A pair of Paducah art exhibits – one curated by a Graves County art institution at Paducah City Hall and another at the National Quilt Museum – are among the many options available to west Kentucky residents and visitors observing Black History Month.

African American Artists Show at Paducah City Hall

The Ice House Gallery – the home of the Mayfield-Graves County Art Guild since 1995 – has put together the public art installation at Paducah City Hall, gathering 125 works by 25 African-American artists.

Guild director Nanc Gunn said the gallery traditionally displays the work of African-American artists in February, but this show is the biggest she’s ever curated.

“We just have the whole Rotunda covered with African American Art,” Gunn said. “We had 20 people that we'd never even met before get involved with us. Some people drove from Carbondale. Some people drove from Hopkinsville, and they just came to show off their art.”

The Ice House Gallery is still working to recover after an EF-4 tornado destroyed their facilities over two years ago. The institution is fundraising to renovate a new gallery space, but that hasn’t stopped Gunn from displaying art from around the region.

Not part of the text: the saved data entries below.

(* Let $\mathcal{G}=(\mathcal{V},\mathcal{E})$ be a finite, connected, unweighted, undirected graph, let $u,v\in\mathcal{V}$, and let $k\ge 1$. Suppose the $k$-hop ego-graphs $\mathcal{B}(u,k)$ and $\mathcal{B}(v,k)$ are not isomorphic as rooted graphs, with roots $u$ and $v$ respectively. Let $m$ be the maximum of the numbers of edges of $\mathcal{B}(u,k)$ and $\mathcal{B}(v,k)$. Then there is a length $l=O(m)$ such that the distribution of anonymous paths of length-$l$ random walks started at $u$ differs from the distribution of anonymous paths of length-$l$ random walks started at $v$.
   Context: The $k$-hop ego-graph $\mathcal{B}(v,k)$ is the subgraph of $\mathcal{G}$ induced by all nodes at shortest-path distance at most $k$ from $v$; it is rooted at $v$. A random walk of length $l$ started at $v$ is a node sequence $w=(v_0,\dots,v_l)$ with $v_0=v$ and $P(v_{i+1}\mid v_0,\dots,v_i)=\mathbb{1}[(v_i,v_{i+1})\in\mathcal{E}]/D(v_i)$, where $D(v_i)$ is the degree of $v_i$. The anonymous path of $w$ is $\phi=(\gamma_0,\dots,\gamma_l)$ with $\gamma_i=\min\{j: v_j=v_i\}$. Thus $\gamma_i$ is the first position in $w$ at which node $v_i$ occurs. *)

theory Defs
  imports Complex_Main
begin

definition simple_graph :: "'a set \<Rightarrow> ('a \<times> 'a) set \<Rightarrow> bool" where
  "simple_graph V E \<longleftrightarrow> E \<subseteq> V \<times> V \<and> (\<forall>x y. (x,y) \<in> E \<longrightarrow> (y,x) \<in> E) \<and> (\<forall>x. (x,x) \<notin> E)"

definition is_walk :: "('a \<times> 'a) set \<Rightarrow> 'a list \<Rightarrow> bool" where
  "is_walk E w \<longleftrightarrow> w \<noteq> [] \<and> (\<forall>i. Suc i < length w \<longrightarrow> (w!i, w!Suc i) \<in> E)"

definition connected_graph :: "'a set \<Rightarrow> ('a \<times> 'a) set \<Rightarrow> bool" where
  "connected_graph V E \<longleftrightarrow> (\<forall>x\<in>V. \<forall>y\<in>V. \<exists>w. is_walk E w \<and> hd w = x \<and> last w = y)"

definition dist_le :: "('a \<times> 'a) set \<Rightarrow> 'a \<Rightarrow> 'a \<Rightarrow> nat \<Rightarrow> bool" where
  "dist_le E x y k \<longleftrightarrow> (\<exists>w. is_walk E w \<and> hd w = x \<and> last w = y \<and> length w \<le> Suc k)"

text \<open>Vertex set of the k-hop ego-graph B(v,k); the ego-graph is the subgraph induced by it.\<close>
definition ego_nodes :: "'a set \<Rightarrow> ('a \<times> 'a) set \<Rightarrow> 'a \<Rightarrow> nat \<Rightarrow> 'a set" where
  "ego_nodes V E v k = {x \<in> V. dist_le E v x k}"

definition induced_edge_count :: "('a \<times> 'a) set \<Rightarrow> 'a set \<Rightarrow> nat" where
  "induced_edge_count E B = card {{x, y} | x y. x \<in> B \<and> y \<in> B \<and> (x, y) \<in> E}"

definition rooted_iso :: "('a \<times> 'a) set \<Rightarrow> 'a set \<Rightarrow> 'a \<Rightarrow> 'a set \<Rightarrow> 'a \<Rightarrow> bool" where
  "rooted_iso E A a B b \<longleftrightarrow> (\<exists>f. bij_betw f A B \<and> f a = b \<and>
      (\<forall>x\<in>A. \<forall>y\<in>A. (x, y) \<in> E \<longleftrightarrow> (f x, f y) \<in> E))"

definition degree :: "('a \<times> 'a) set \<Rightarrow> 'a \<Rightarrow> nat" where
  "degree E x = card {y. (x, y) \<in> E}"

definition walk_prob :: "('a \<times> 'a) set \<Rightarrow> 'a list \<Rightarrow> real" where
  "walk_prob E w = (\<Prod>i<length w - 1.
      (if (w!i, w!Suc i) \<in> E then 1 / real (degree E (w!i)) else 0))"

definition anon_path :: "'a list \<Rightarrow> nat list" where
  "anon_path w = map (\<lambda>i. LEAST j. w!j = w!i) [0..<length w]"

definition anon_dist :: "'a set \<Rightarrow> ('a \<times> 'a) set \<Rightarrow> 'a \<Rightarrow> nat \<Rightarrow> nat list \<Rightarrow> real" where
  "anon_dist V E v l \<phi> = (\<Sum>w\<in>{w. length w = Suc l \<and> set w \<subseteq> V \<and> hd w = v}.
      (if anon_path w = \<phi> then walk_prob E w else 0))"

end

theory Submission
  imports Defs
begin

(* Every edge of the ego-graph B(u,k) can be traversed by a walk from u that makes one detour
   a - b - a per edge, so B(u,k) is covered by a walk of at most 2m steps, and further detours
   along a fixed edge pad it to exactly 2m steps. This walk has positive probability; if the
   anonymous-path distributions from u and v agree at length 2m, some walk from v has the same
   anonymous path. Equal anonymous paths mean the walks differ by an injective renaming of nodes,
   which then maps B(u,k) into B(v,k) preserving the root and all edges. Doing the same from v
   yields embeddings in both directions, and between finite graphs these force a rooted
   isomorphism. *)

abbreviation adj :: "('a \<times> 'a) set \<Rightarrow> 'a \<Rightarrow> 'a \<Rightarrow> bool" where
  "adj E \<equiv> \<lambda>x y. (x, y) \<in> E"

lemma is_walk_iff_successively: "is_walk E w \<longleftrightarrow> w \<noteq> [] \<and> successively (adj E) w"
  unfolding is_walk_def successively_conv_nth by simp

definition induced_edges :: "('a \<times> 'a) set \<Rightarrow> 'a set \<Rightarrow> 'a set set" where
  "induced_edges E B = {{x, y} | x y. x \<in> B \<and> y \<in> B \<and> (x, y) \<in> E}"

lemma induced_edge_count_eq_card: "induced_edge_count E B = card (induced_edges E B)"
  unfolding induced_edge_count_def induced_edges_def ..

lemma induced_edges_subset_Pow: "induced_edges E B \<subseteq> Pow B"
  unfolding induced_edges_def by auto

lemma finite_induced_edges: "finite B \<Longrightarrow> finite (induced_edges E B)"
  by (rule finite_subset[OF induced_edges_subset_Pow]) simp


fun walk_edges :: "'a list \<Rightarrow> 'a set set" where
  "walk_edges [] = {}"
| "walk_edges [x] = {}"
| "walk_edges (x # y # zs) = insert {x, y} (walk_edges (y # zs))"

lemma walk_edges_append: "walk_edges (xs @ a # ys) = walk_edges (xs @ [a]) \<union> walk_edges (a # ys)"
  by (induction xs rule: walk_edges.induct) auto

lemma finite_walk_edges: "finite (walk_edges xs)"
  by (induction xs rule: walk_edges.induct) auto

lemma walk_edges_map: "walk_edges (map f xs) = image f ` walk_edges xs"
  by (induction xs rule: walk_edges.induct) auto

lemma walk_edgesD:
  "successively R xs \<Longrightarrow> e \<in> walk_edges xs \<Longrightarrow> \<exists>x y. e = {x, y} \<and> x \<in> set xs \<and> y \<in> set xs \<and> R x y"
  by (induction xs rule: walk_edges.induct) auto

lemma walk_edges_subset_induced_edges:
  assumes "successively (adj E) w" "set w \<subseteq> B"
  shows "walk_edges w \<subseteq> induced_edges E B"
  using assms walk_edgesD[OF assms(1)] unfolding induced_edges_def by blast

lemma walk_detour:
  assumes "successively R P" "a \<in> set P" "R a b" "R b a"
  obtains Q where "successively R Q" "hd Q = hd P" "set Q = insert b (set P)"
    "walk_edges Q = insert {a, b} (walk_edges P)" "length Q = length P + 2"
proof -
  obtain xs ys where P: "P = xs @ a # ys"
    using assms(2) by (meson split_list)
  let ?Q = "xs @ a # b # a # ys"
  show ?thesis
  proof (rule that)
    show "successively R ?Q"
      using assms(1,3,4) unfolding P by (auto simp: successively_append_iff)
    show "hd ?Q = hd P"
      unfolding P by (cases xs) auto
    show "walk_edges ?Q = insert {a, b} (walk_edges P)"
      unfolding P using walk_edges_append[of xs a "b # a # ys"] walk_edges_append[of xs a ys]
      by (auto simp: insert_commute)
  qed (auto simp: P)
qed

One of the artists participating in the exhibit is Dale McReynolds, a 72-year-old Paducah native who now lives across the river in Metropolis, Illinois. McReynolds said she’s been painting for more than six decades and that she uses her work to help remember the history of the Black community.

“I have one particular [artwork] called Sharecropper. And, it's got a cotton field with a couple in the cotton field," McReynolds said. “A lot of young people have never seen a cotton field. They know nothing about coming up from slavery, Jim Crow… There's education there, as well as emotions are there for others, but there's a lot of education there for Black history from the Black culture.”

Say Your Piece: Black Mothers, Martyrs, and Misunderstood at the National Quilt Museum

Paducah’s National Quilt Museum has been displaying “Say Your Piece: Black Mothers, Martyrs, and Misunderstood” since October and it closes later this month on Feb. 21.

The exhibit’s curator, Stacey Watson, said the collection – which features dozens of quilts made by a variety of all-black and all-female quilt artists – is a significant one in the institution’s history.

Watson became the first black curator in the museum’s history when the exhibit opened last year and she thinks that sets an exciting precedent.

“Along with all of the women who are in the exhibition are all black, the content is all about black women,” Watson said. “And so, we all made history on October 25, 2022… [the] ‘Say Your Piece’ exhibition is history in the making.”

The title of the exhibit, Watson explained, has two meanings. It references the unique art medium of quilts – the assembling of quilts is called piecing – and acts as a mission statement for Watson, who aimed to ‘piece’ together the stories of Black women into a singular expression of history and culture with the exhibit.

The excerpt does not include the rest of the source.